About Polo-like kinase 1 (PLK1) and CYC140

Polo-like kinase 1 (PLK1) is a serine/threonine kinase that plays a central role in cell division or mitosis. PLK1 is an important regulator of the DNA damage cell cycle checkpoint, mitotic entry and exit, spindle formation and cytokinesis, or cell separation into daughter cells. Cancer cells in general, and in particular KRAS mutated and p53(-) cells, are very sensitive to PLK1 depletion. In contrast normal cells with intact cell cycle checkpoints are less sensitive. Pharmacological inhibition of PLK1 in cancer cells blocks proliferation by prolonged mitotic arrest and induces onset of apoptotic death of such cells.

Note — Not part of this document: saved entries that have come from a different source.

(* For all $C_1,\dots,C_4\in\mathcal H$ and $t_1,\dots,t_4\in\mathbb R$, $$F_4(t_1,C_1;t_2,C_2;t_3,C_3;t_4,C_4)=M+F_2(t_1,C_1;t_2,C_2)\,F_2(t_3,C_3;t_4,C_4),$$ where $M=\langle a^*(t_2,C_2)a^*(t_1,C_1)\Phi_0\,|\,a^*(t_3,C_3)a^*(t_4,C_4)\Phi_0\rangle$ is given explicitly by $$M=\int_0^\infty\!\!\int_0^\infty\overline{c_2(w_2)}c_4(w_2)\,\overline{c_1(w_1)}c_3(w_1)\exp\Big(i(t_4-t_2e^{-w_1/2})E(w_2)+it_3e^{-w_2/2}E(w_1)-it_1E(w_1)\Big)\mathrm dw_2\,\mathrm dw_1$$ $$\;+\int_0^\infty\!\!\int_0^\infty\overline{c_2(w_2)}c_3(w_2)\,\overline{c_1(w_1)}c_4(w_1)\exp\Big(i(t_3-t_2)e^{-w_1/2}E(w_2)+i(t_4-t_1)E(w_1)\Big)\mathrm dw_2\,\mathrm dw_1 .$$
   Context: One-particle space: $\mathcal H=L^2((0,\infty),\mathrm dw)$, a vector $C_j$ being identified with its mode function $c_j(w)$. $\mathcal F_s(\mathcal H)$ is the symmetric Fock space with vacuum $\Phi_0$; $n$-particle vectors are symmetric functions $v(w_1,\dots,w_n)$. $H_0$ acts on the $n$-particle sector as multiplication by $w_1+\dots+w_n$; $E(x)=2-2e^{-x/2}$, $H=E(H_0)$, $U(t)=e^{-itH}$. Annihilation/creation operators: $(a(\overline C)v)(w_1,\dots,w_{n-1})=\sqrt n\int\overline{c(w)}v(w,w_1,\dots)\mathrm dw$, $(a^*(C)v)(w_1,\dots,w_{n+1})=(n+1)^{-1/2}\sum_j c(w_j)v(w_1,\dots,\widehat{w_j},\dots,w_{n+1})$. Heisenberg operators $a^*(t,C)=U(t)^{-1}a^*(C)U(t)$, $\Upsilon(C)=a(\overline C)+a^*(C)$, $\Upsilon(t,C)=U(t)^{-1}\Upsilon(C)U(t)$. The $n$-point functions are $F_n(t_1,C_1;\dots;t_n,C_n)=\langle\Phi_0|\Upsilon(t_1,C_1)\cdots\Upsilon(t_n,C_n)\Phi_0\rangle$; in particular $F_2(t_1,C_1;t_2,C_2)=\int_0^\infty e^{i(t_2-t_1)E(w)}\overline{c_1(w)}c_2(w)\mathrm dw$. *)

theory Defs
  imports "HOL-Analysis.Analysis"
begin

(* Fock space vectors: component n is the n-particle function, evaluated on
   lists ws of length n (values on other lengths are irrelevant). *)
type_synonym fock = "nat \<Rightarrow> real list \<Rightarrow> complex"

definition in_H :: "(real \<Rightarrow> complex) \<Rightarrow> bool" where
  "in_H c \<longleftrightarrow> c \<in> borel_measurable lborel \<and>
     set_integrable lborel {0<..} (\<lambda>w. (cmod (c w))\<^sup>2)"

definition E :: "real \<Rightarrow> real" where
  "E x = 2 - 2 * exp (- x / 2)"

(* U(t) = exp(-i t E(H0)); on the n-particle sector multiplication by
   exp(-i t E(w1+...+wn)) *)
definition U :: "real \<Rightarrow> fock \<Rightarrow> fock" where
  "U t v = (\<lambda>n ws. exp (- \<i> * complex_of_real (t * E (sum_list ws))) * v n ws)"

definition ann :: "(real \<Rightarrow> complex) \<Rightarrow> fock \<Rightarrow> fock" where
  "ann c v = (\<lambda>n ws. complex_of_real (sqrt (real (Suc n))) *
      (LINT w:{0<..}|lborel. cnj (c w) * v (Suc n) (w # ws)))"

definition cre :: "(real \<Rightarrow> complex) \<Rightarrow> fock \<Rightarrow> fock" where
  "cre c v = (\<lambda>n ws. case n of 0 \<Rightarrow> 0
     | Suc m \<Rightarrow> complex_of_real (1 / sqrt (real (Suc m))) *
         (\<Sum>j<Suc m. c (ws ! j) * v m (take j ws @ drop (Suc j) ws)))"

definition vac :: fock where
  "vac = (\<lambda>n ws. if n = 0 then 1 else 0)"

definition Ups :: "(real \<Rightarrow> complex) \<Rightarrow> fock \<Rightarrow> fock" where
  "Ups c v = (\<lambda>n ws. ann c v n ws + cre c v n ws)"

(* Heisenberg operators; U(t)^{-1} = U(-t) *)
definition cre_t :: "real \<Rightarrow> (real \<Rightarrow> complex) \<Rightarrow> fock \<Rightarrow> fock" where
  "cre_t t c v = U (- t) (cre c (U t v))"

definition Ups_t :: "real \<Rightarrow> (real \<Rightarrow> complex) \<Rightarrow> fock \<Rightarrow> fock" where
  "Ups_t t c v = U (- t) (Ups c (U t v))"

fun nint :: "nat \<Rightarrow> (real list \<Rightarrow> complex) \<Rightarrow> complex" where
  "nint 0 f = f []"
| "nint (Suc n) f = (LINT w:{0<..}|lborel. nint n (\<lambda>ws. f (w # ws)))"

(* Fock inner product, antilinear in the first argument *)
definition fock_inner :: "fock \<Rightarrow> fock \<Rightarrow> complex" where
  "fock_inner \<psi> \<phi> = (\<Sum>n. nint n (\<lambda>ws. cnj (\<psi> n ws) * \<phi> n ws))"

definition Fn :: "(real \<times> (real \<Rightarrow> complex)) list \<Rightarrow> complex" where
  "Fn ps = fock_inner vac (foldr (\<lambda>(t, c) v. Ups_t t c v) ps vac)"

end

theory Submission
  imports Defs
begin

(* Its
       symmetrisation is the product of the two pair states, giving the first
       claim; expanding F_4 = <Phi_0|Ups(t1)Ups(t2)Ups(t3)Ups(t4)Phi_0>, the
       two-particle intermediate sector gives the same double integral and the
       vacuum sector gives F_2 * F_2, giving the second. *)

section \<open>Lebesgue measure on the half-line\<close>

(* The one-particle space is L^2 of this measure. *)
definition halfline :: "real measure" where
  "halfline = restrict_space lborel {0<..}"

lemma set_integral_halfline:
  fixes f :: "real \<Rightarrow> 'b::{banach, second_countable_topology}"
  shows "(LINT x:{0<..}|lborel. f x) = (LINT x|halfline. f x)"
  unfolding halfline_def set_lebesgue_integral_def
  by (subst integral_restrict_space) auto

lemma sigma_finite_halfline: "sigma_finite_measure halfline"
  unfolding halfline_def
  by (rule sigma_finite_measure_restrict_space) (auto intro: lborel.sigma_finite_measure_axioms)

interpretation halfline2: pair_sigma_finite halfline halfline
  by (simp add: pair_sigma_finite_def sigma_finite_halfline)

lemma borel_measurable_halfline:
  "f \<in> borel_measurable lborel \<Longrightarrow> f \<in> borel_measurable halfline"
  unfolding halfline_def by (rule measurable_restrict_space1) simp

lemma id_measurable_halfline [measurable]: "(\<lambda>x::real. x) \<in> borel_measurable halfline"
  by (rule borel_measurable_halfline) simp

lemma in_H_measurable: "in_H c \<Longrightarrow> c \<in> borel_measurable halfline"
  unfolding in_H_def by (auto intro: borel_measurable_halfline)

lemma in_H_square_integrable: "in_H c \<Longrightarrow> integrable halfline (\<lambda>x. (cmod (c x))\<^sup>2)"
  unfolding in_H_def halfline_def set_integrable_def
  by (subst integrable_restrict_space) auto

lemma E_measurable [measurable]: "E \<in> borel_measurable borel"
  unfolding E_def by measurable

lemma E_0 [simp]: "E 0 = 0"
  unfolding E_def by simp

lemma E_add: "E (x + y) = E y + exp (- y / 2) * E x"
proof -
  have "exp (- (x + y) / 2) = exp (- y / 2) * exp (- x / 2)"
    by (simp add: exp_add[symmetric] field_simps)
  then show ?thesis
    unfolding E_def by (simp add: algebra_simps)
qed

lemma exp_i_diff:
  "exp (- (\<i> * complex_of_real a)) * exp (\<i> * complex_of_real b) = exp (\<i> * complex_of_real (b - a))"
  by (simp flip: exp_add add: algebra_simps)

lemma cnj_exp_i: "cnj (exp (\<i> * complex_of_real a)) = exp (- (\<i> * complex_of_real a))"
  by (simp add: exp_cnj)

section \<open>Integrability and iterated integrals\<close>

lemma borel_measurable_cnj [measurable (raw)]:
  assumes "f \<in> borel_measurable M"
  shows "(\<lambda>x. cnj (f x)) \<in> borel_measurable M"
proof -
  have "cnj \<in> borel_measurable borel"
    by (rule borel_measurable_continuous_onI) (intro continuous_intros)
  then show ?thesis
    using measurable_compose[OF assms] by blast
qed

(* The pointwise product of two L^2 functions is L^1, by ab \<le> a^2 + b^2. *)
lemma integrable_norm_mult_L2:
  fixes f g :: "'a \<Rightarrow> 'b::real_normed_vector"
  assumes [measurable]: "f \<in> borel_measurable M" "g \<in> borel_measurable M"
    and "integrable M (\<lambda>x. (norm (f x))\<^sup>2)" "integrable M (\<lambda>x. (norm (g x))\<^sup>2)"
  shows "integrable M (\<lambda>x. norm (f x) * norm (g x))"
proof (rule Bochner_Integration.integrable_bound)
  show "integrable M (\<lambda>x. (norm (f x))\<^sup>2 + (norm (g x))\<^sup>2)"
    using assms(3,4) by auto
  show "(\<lambda>x. norm (f x) * norm (g x)) \<in> borel_measurable M"
    by measurable
  have "a * b \<le> a\<^sup>2 + b\<^sup>2" if "a \<ge> 0" "b \<ge> 0" for a b :: real
    using sum_squares_bound[of a b] mult_nonneg_nonneg[OF that]
    by (simp add: power2_eq_square)
  then show "AE x in M. norm (norm (f x) * norm (g x)) \<le> norm ((norm (f x))\<^sup>2 + (norm (g x))\<^sup>2)"
    by (intro AE_I2) simp
qed

lemma in_H_integrable_mult:
  assumes "in_H c" "in_H d"
  shows "integrable halfline (\<lambda>x. cmod (c x) * cmod (d x))"
  using assms by (intro integrable_norm_mult_L2 in_H_measurable in_H_square_integrable)

lemma (in pair_sigma_finite) integrable_tensor:
  fixes f :: "'a \<Rightarrow> real" and g :: "'b \<Rightarrow> real"
  assumes f: "integrable M1 f" and g: "integrable M2 g"
  shows "integrable (M1 \<Otimes>\<^sub>M M2) (\<lambda>(x, y). f x * g y)"
proof (rule Fubini_integrable)
  have [measurable]: "f \<in> borel_measurable M1" "g \<in> borel_measurable M2"
    using f g by auto
  show "(\<lambda>(x, y). f x * g y) \<in> borel_measurable (M1 \<Otimes>\<^sub>M M2)"
    by measurable
  have "integrable M1 (\<lambda>x. norm (f x) * (LINT y|M2. norm (g y)))"
    using f by (intro integrable_mult_left) auto
  then show "integrable M1 (\<lambda>x. LINT y|M2. norm (case (x, y) of (x, y) \<Rightarrow> f x * g y))"
    by (simp add: abs_mult)
  show "AE x in M1. integrable M2 (\<lambda>y. case (x, y) of (x, y) \<Rightarrow> f x * g y)"
    using g by auto
qed

lemma (in pair_sigma_finite) integrable_dominated_tensor:
  fixes h :: "'a \<times> 'b \<Rightarrow> 'c::{banach, second_countable_topology}"
    and f :: "'a \<Rightarrow> real" and g :: "'b \<Rightarrow> real"
  assumes "h \<in> borel_measurable (M1 \<Otimes>\<^sub>M M2)" "integrable M1 f" "integrable M2 g"
    and "\<And>x y. norm (h (x, y)) \<le> f x * g y"
  shows "integrable (M1 \<Otimes>\<^sub>M M2) h"
proof (rule Bochner_Integration.integrable_bound)
  show "integrable (M1 \<Otimes>\<^sub>M M2) (\<lambda>(x, y). f x * g y)"
    using assms(2,3) by (rule integrable_tensor)
  show "AE p in M1 \<Otimes>\<^sub>M M2. norm (h p) \<le> norm ((\<lambda>(x, y). f x * g y) p)"
    using assms(4) by (intro AE_I2) (auto split: prod.split intro: order_trans[OF _ abs_ge_self])
qed fact

lemma (in pair_sigma_finite) iterated_integral_add:
  fixes f g :: "'a \<Rightarrow> 'b \<Rightarrow> 'c::{banach, second_countable_topology}"
  assumes f: "integrable (M1 \<Otimes>\<^sub>M M2) (\<lambda>(x, y). f x y)"
      and g: "integrable (M1 \<Otimes>\<^sub>M M2) (\<lambda>(x, y). g x y)"
  shows "(LINT x|M1. LINT y|M2. f x y + g x y)
       = (LINT x|M1. LINT y|M2. f x y) + (LINT x|M1. LINT y|M2. g x y)"
proof -
  have fg: "integrable (M1 \<Otimes>\<^sub>M M2) (\<lambda>(x, y). f x y + g x y)"
    using Bochner_Integration.integrable_add[OF f g] by (simp add: split_beta')
  show ?thesis
    using integral_fst[OF f] integral_fst[OF g] integral_fst[OF fg]
      Bochner_Integration.integral_add[OF f g] by (simp add: split_beta')
qed

(* Symmetrising an integrand in its two variables does not change its
   iterated integral; this identifies the inner product of two symmetric
   two-particle states with an unsymmetrised double integral. *)
lemma iterated_integral_symmetrise:
  fixes f :: "'a \<Rightarrow> 'a \<Rightarrow> complex"
  assumes "sigma_finite_measure M"
    and f: "integrable (M \<Otimes>\<^sub>M M) (\<lambda>(x, y). f x y)"
  shows "(LINT x|M. LINT y|M. (f x y + f y x) / 2) = (LINT x|M. LINT y|M. f x y)"
proof -
  interpret pair_sigma_finite M M
    using assms(1) by (simp add: pair_sigma_finite_def)
  have f_swap: "integrable (M \<Otimes>\<^sub>M M) (\<lambda>(x, y). f y x)"
    using integrable_product_swap[OF f] by simp
  have swap: "integral\<^sup>L (M \<Otimes>\<^sub>M M) (\<lambda>(x, y). f y x)
      = integral\<^sup>L (M \<Otimes>\<^sub>M M) (\<lambda>(x, y). f x y)"
    using integral_product_swap[of "\<lambda>(x, y). f x y"] f by simp
  have "(LINT x|M. LINT y|M. (f x y + f y x) / 2)
      = ((LINT x|M. LINT y|M. f x y) + (LINT x|M. LINT y|M. f y x)) / 2"
    using iterated_integral_add[OF f f_swap] f f_swap
    by (simp add: add_divide_distrib[symmetric])
  also have "(LINT x|M. LINT y|M. f y x) = (LINT x|M. LINT y|M. f x y)"
    using integral_fst[OF f] integral_fst[OF f_swap] swap by (simp add: split_beta')
  finally show ?thesis by simp
qed

section \<open>Fock-space bookkeeping\<close>

lemma vac_apply: "vac n ws = (if n = 0 then 1 else 0)"
  unfolding vac_def by simp

lemma U_apply: "U t v n ws = exp (- \<i> * complex_of_real (t * E (sum_list ws))) * v n ws"
  unfolding U_def by simp

lemma nint_zero: "nint n (\<lambda>_. 0) = 0"
  by (induction n) auto

lemma fock_inner_single_sector:
  assumes "\<And>n ws. n \<noteq> k \<Longrightarrow> \<psi> n ws = 0"
  shows "fock_inner \<psi> \<phi> = nint k (\<lambda>ws. cnj (\<psi> k ws) * \<phi> k ws)"
proof -
  have terms: "(\<lambda>n. nint n (\<lambda>ws. cnj (\<psi> n ws) * \<phi> n ws))
      = (\<lambda>n. if n = k then nint k (\<lambda>ws. cnj (\<psi> k ws) * \<phi> k ws) else 0)"
    using assms by (intro ext) (auto simp: nint_zero)
  have "(\<lambda>n. nint n (\<lambda>ws. cnj (\<psi> n ws) * \<phi> n ws)) sums nint k (\<lambda>ws. cnj (\<psi> k ws) * \<phi> k ws)"
    unfolding terms by (rule sums_single)
  then show ?thesis
    unfolding fock_inner_def by (rule sums_unique[symmetric])
qed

CYC140 is a novel, small molecule, selective and potent PLK1 inhibitor. It has demonstrated impressive efficacy in human tumor xenografts at nontoxic doses. Cyclacel’s translational biology program supports the development of CYC140 in solid tumors and leukemias. CYC140 was designed with improved pharmaceutical properties over earlier clinical-stage PLK inhibitors. Recent data suggest that PLK1 inhibition may be effective in KRAS-mutated metastatic colorectal cancer. PLK1 overexpression correlates with poor patient prognosis in several tumors, including esophageal, gastric, leukemia, lung, ovarian, and squamous cell cancers, as well as MYC-amplified cancers.